Signs You May Be Injured

These types of injuries most frequently occur during a non-contact incident, such as a football player making a sudden cut or change in direction, or a basketball player landing after a jump shot or lay-up. When this happens, athletes will most likely hear a pop, followed by significant swelling of the knee. When an injury does occur, it is critical the athlete receives a complete physical to assess not only the injured ACL, but the other structures around the knee. This includes undergoing imaging studies including an X-Ray and MRI to help assist in making a proper diagnosis and determining what treatment should follow.

Will You Need Surgery

The decision to reconstruct the ACL is not only based on the instability of the knee but also on the individual’s activity level, lifestyle, age and presence of associated injuries. Individuals living a sedentary lifestyle or those willing to modify their activities are considered for surgical alternatives and rehabilitation. Younger individuals and athletes who wish to continue their activities or just remain more active would require surgery. What to Expect in Recovery Once the decision is made to undergo reconstructive surgery, your surgeon will determine which type of replacement ligament, also known as a graft, is best for you.
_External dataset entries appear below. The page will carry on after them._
lemma group_pairing_outer_plus_mult:
  "group_pairing G p Y (\<lambda>a j. z j * f a + (\<Sum>l<p. Y a l * (x * M l j))) i =
     (\<Sum>j<p. z j * (\<Sum>a\<in>G i. Y a j * f a)) + x * group_pairing G p Y (\<lambda>a j. \<Sum>l<p. Y a l * M l j) i"
  by (simp add: group_pairing_def algebra_simps sum.distrib sum_distrib_left)

lemma group_pairing_gram:
  "group_pairing G p Y (\<lambda>a j. \<Sum>l<p. Y a l * (z l * z j)) i = (\<Sum>a\<in>G i. (\<Sum>j<p. Y a j * z j)\<^sup>2)"
proof -
  have "group_pairing G p Y (\<lambda>a j. \<Sum>l<p. Y a l * (z l * z j)) i =
      (\<Sum>j<p. \<Sum>a\<in>G i. \<Sum>l<p. (Y a j * z j) * (Y a l * z l))"
    by (simp add: group_pairing_def sum_distrib_left mult_ac)
  also have "\<dots> = (\<Sum>a\<in>G i. (\<Sum>j<p. Y a j * z j)\<^sup>2)"
    by (subst sum.swap) (simp add: power2_eq_square sum_product)
  finally show ?thesis .
qed

lemma tangent_outer_plus_mult_if_separating:
  fixes G :: "nat \<Rightarrow> nat set" and p :: nat and Y M :: "nat \<Rightarrow> nat \<Rightarrow> real"
  defines "B \<equiv> group_pairing G p Y (\<lambda>a j. \<Sum>l<p. Y a l * M l j)"
  assumes G: "G k = {r}" and f: "f r = 0" and p: "k \<le> p"
    and sep: "B k = 0" "i0 < k" "B i0 \<noteq> 0"
  shows "\<exists>z M'. (\<exists>j<p. z j \<noteq> 0) \<and>
    (\<forall>i\<le>k. group_pairing G p Y (\<lambda>a j. z j * f a + (\<Sum>l<p. Y a l * M' l j)) i = 0)"
proof -
  define c where "c i j = (\<Sum>a\<in>G i. Y a j * f a)" for i j
  obtain x where x: "\<exists>j<p+1. x j \<noteq> 0"
      "\<forall>i<k. (\<Sum>j<p+1. (if j < p then c i j else B i) * x j) = 0"
    using homogeneous_system_nontrivial_solution[of k "p+1" "\<lambda>i j. if j < p then c i j else B i"] p
    by auto
  have x': "(\<Sum>j<p. x j * c i j) + x p * B i = 0" if "i < k" for i
    using x(2) that by (simp add: mult.commute)
  have tangent: "group_pairing G p Y (\<lambda>a j. x j * f a + (\<Sum>l<p. Y a l * (x p * M l j))) i = 0"
    if "i \<le> k" for i
  proof (cases "i = k")
    case True
    then show ?thesis
      unfolding group_pairing_outer_plus_mult using G f sep(1) by (simp add: B_def)
  next
    case False
    then show ?thesis
      unfolding group_pairing_outer_plus_mult using x' that by (simp add: B_def c_def)
  qed
  have "\<exists>j<p. x j \<noteq> 0"
  proof (rule ccontr)
    assume z0: "\<not> (\<exists>j<p. x j \<noteq> 0)"
    then have "x p = 0"
      using x'[OF sep(2)] sep(3) by simp
    then show False
      using x(1) z0 less_Suc_eq by auto
  qed
  then show ?thesis
    using tangent by (intro exI[of _ x] exI[of _ "\<lambda>l j. x p * M l j"]) simp
qed

lemma tangent_outer_plus_mult_if_not_separating:
  assumes G: "\<forall>i<k. finite (G i)" "G k = {r}" and f: "f r = 0" and p: "2 \<le> p"
    and nonsep: "\<And>M. group_pairing G p Y (\<lambda>a j. \<Sum>l<p. Y a l * M l j) k = 0 \<Longrightarrow>
      \<forall>i<k. group_pairing G p Y (\<lambda>a j. \<Sum>l<p. Y a l * M l j) i = 0"
  shows "\<exists>z M. (\<exists>j<p. z j \<noteq> 0) \<and>
    (\<forall>i\<le>k. group_pairing G p Y (\<lambda>a j. z j * f a + (\<Sum>l<p. Y a l * M l j)) i = 0)"
proof -
  obtain z where z: "\<exists>j<p. z j \<noteq> 0" "(\<Sum>j<p. Y r j * z j) = 0"
    using homogeneous_system_nontrivial_solution[of 1 p "\<lambda>_ j. Y r j"] p by auto
  define Yz where "Yz a = (\<Sum>j<p. Y a j * z j)" for a
  have gram: "group_pairing G p Y (\<lambda>a j. \<Sum>l<p. Y a l * (z l * z j)) i = (\<Sum>a\<in>G i. (Yz a)\<^sup>2)" for i
    unfolding Yz_def by (rule group_pairing_gram)
  have "group_pairing G p Y (\<lambda>a j. \<Sum>l<p. Y a l * (z l * z j)) k = 0"
    using gram G(2) z(2) by (simp add: Yz_def)
  then have "\<forall>i<k. group_pairing G p Y (\<lambda>a j. \<Sum>l<p. Y a l * (z l * z j)) i = 0"
    by (rule nonsep)
  then have Yz0: "Yz a = 0" if "i < k" "a \<in> G i" for i a
    using that G(1) gram by (simp add: sum_nonneg_eq_0_iff)
  have "group_pairing G p Y (\<lambda>a j. z j * f a + (\<Sum>l<p. Y a l * 0)) i = 0" if "i \<le> k" for i
  proof -
    have "group_pairing G p Y (\<lambda>a j. z j * f a + (\<Sum>l<p. Y a l * 0)) i = (\<Sum>a\<in>G i. f a * Yz a)"
      unfolding group_pairing_def Yz_def
      by (subst sum.swap) (simp add: sum_distrib_left algebra_simps)
    also have "\<dots> = 0"
      using that Yz0 G(2) f by (cases "i < k") simp_all
    finally show ?thesis .
  qed
  then show ?thesis
    using z(1) by (intro exI[of _ z] exI[of _ "\<lambda>_ _. 0"]) simp
qed

(* Either some M separates the last constraint on Y M from another one, and then p >= k leaves
   room for z; or every constraint on Y M follows from the last one, and then any z orthogonal to
   the row r (p >= 2) makes Y z vanish on all groups, so that f z^T itself is tangent. *)

lemma tangent_outer_plus_mult_exists:
  assumes G: "\<forall>i<k. finite (G i)" "G k = {r}" and f: "f r = 0" and p: "2 \<le> p" "k \<le> p"
  obtains z M where "\<exists>j<p. z j \<noteq> 0"
    "\<forall>i\<le>k. group_pairing G p Y (\<lambda>a j. z j * f a + (\<Sum>l<p. Y a l * M l j)) i = 0"
proof (cases "\<exists>M i0. i0 < k \<and> group_pairing G p Y (\<lambda>a j. \<Sum>l<p. Y a l * M l j) k = 0 \<and>
    group_pairing G p Y (\<lambda>a j. \<Sum>l<p. Y a l * M l j) i0 \<noteq> 0")
  case True
  then obtain M i0 where "i0 < k" "group_pairing G p Y (\<lambda>a j. \<Sum>l<p. Y a l * M l j) k = 0"
      "group_pairing G p Y (\<lambda>a j. \<Sum>l<p. Y a l * M l j) i0 \<noteq> 0"
    by blast
  with tangent_outer_plus_mult_if_separating[where G = G and p = p and Y = Y and M = M and f = f]
  show ?thesis
    using G f p that by blast
next
  case False
  then have "\<forall>i<k. group_pairing G p Y (\<lambda>a j. \<Sum>l<p. Y a l * M l j) i = 0"
    if "group_pairing G p Y (\<lambda>a j. \<Sum>l<p. Y a l * M l j) k = 0" for M
    using that by blast
  with tangent_outer_plus_mult_if_not_separating[where G = G and p = p and Y = Y and f = f]
  show ?thesis
    using G f p that by blast
qed

lemma psd_form_of_second_order_conditions:
  assumes sym: "symmetric_form n S" and SY: "annihilates n p S Y"
    and G: "\<forall>i<k. finite (G i)" "G k = {r}" and norm: "(\<Sum>j<p. (Y r j)\<^sup>2) = 1"
    and p: "2 \<le> p" "k \<le> p"
    and second_order: "\<And>W. \<forall>i\<le>k. group_pairing G p Y W i = 0 \<Longrightarrow>
      0 \<le> (\<Sum>j<p. quad_form n S (\<lambda>a. W a j))"
  shows "psd_form n S"
  unfolding psd_form_def
proof (rule ccontr)
  assume "\<not> (\<forall>g. 0 \<le> quad_form n S g)"
  then obtain g where "quad_form n S g < 0"
    by (auto simp: not_le)
  then obtain f where f: "f r = 0" "quad_form n S f < 0"
    using exists_negative_direction_vanishing_at[OF sym SY norm] by blast
  obtain z M where z: "\<exists>j<p. z j \<noteq> 0"
    and tangent: "\<forall>i\<le>k. group_pairing G p Y (\<lambda>a j. z j * f a + (\<Sum>l<p. Y a l * M l j)) i = 0"
    using tangent_outer_plus_mult_exists[where G = G and p = p and Y = Y and f = f] G f(1) p by blast
  have "0 < (\<Sum>j<p. (z j)\<^sup>2)"
  proof -
    obtain j0 where "j0 < p" "z j0 \<noteq> 0"
      using z by blast
    then have "0 < (z j0)\<^sup>2" "(z j0)\<^sup>2 \<le> (\<Sum>j<p. (z j)\<^sup>2)"
      by (auto intro: member_le_sum)
    then show ?thesis by linarith
  qed
  then have "(\<Sum>j<p. quad_form n S (\<lambda>a. z j * f a + (\<Sum>l<p. Y a l * M l j))) < 0"
    unfolding curvature_outer_plus_mult[OF sym SY] using f(2) by (simp add: mult_pos_neg)
  then show False
    using second_order[OF tangent] by simp
qed

section \<open>Frobenius products and psd matrices\<close>

lemma index_mult_mat_sum:
  "A \<in> carrier_mat m l \<Longrightarrow> B \<in> carrier_mat l n \<Longrightarrow> a < m \<Longrightarrow> j < n \<Longrightarrow>
    (A * B) $$ (a, j) = (\<Sum>b<l. A $$ (a, b) * B $$ (b, j))"
  by (simp add: scalar_prod_def lessThan_atLeast0)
Options include hamstring tendons or the patella tendon from the patient. Another choice would be grafts from a cadaver, which are considered in older surgical candidates. ACL surgery requires athletes to undergo a five to six month rehabilitative process, ensuring the return of range of motion, strength and healing of the graft. While suffering any knee injury can be devastating to a high school athlete, it is important to know that the majority of athletes who require ACL surgery and are dedicated to their rehabilitation come back stronger with less knee instability and improved performance.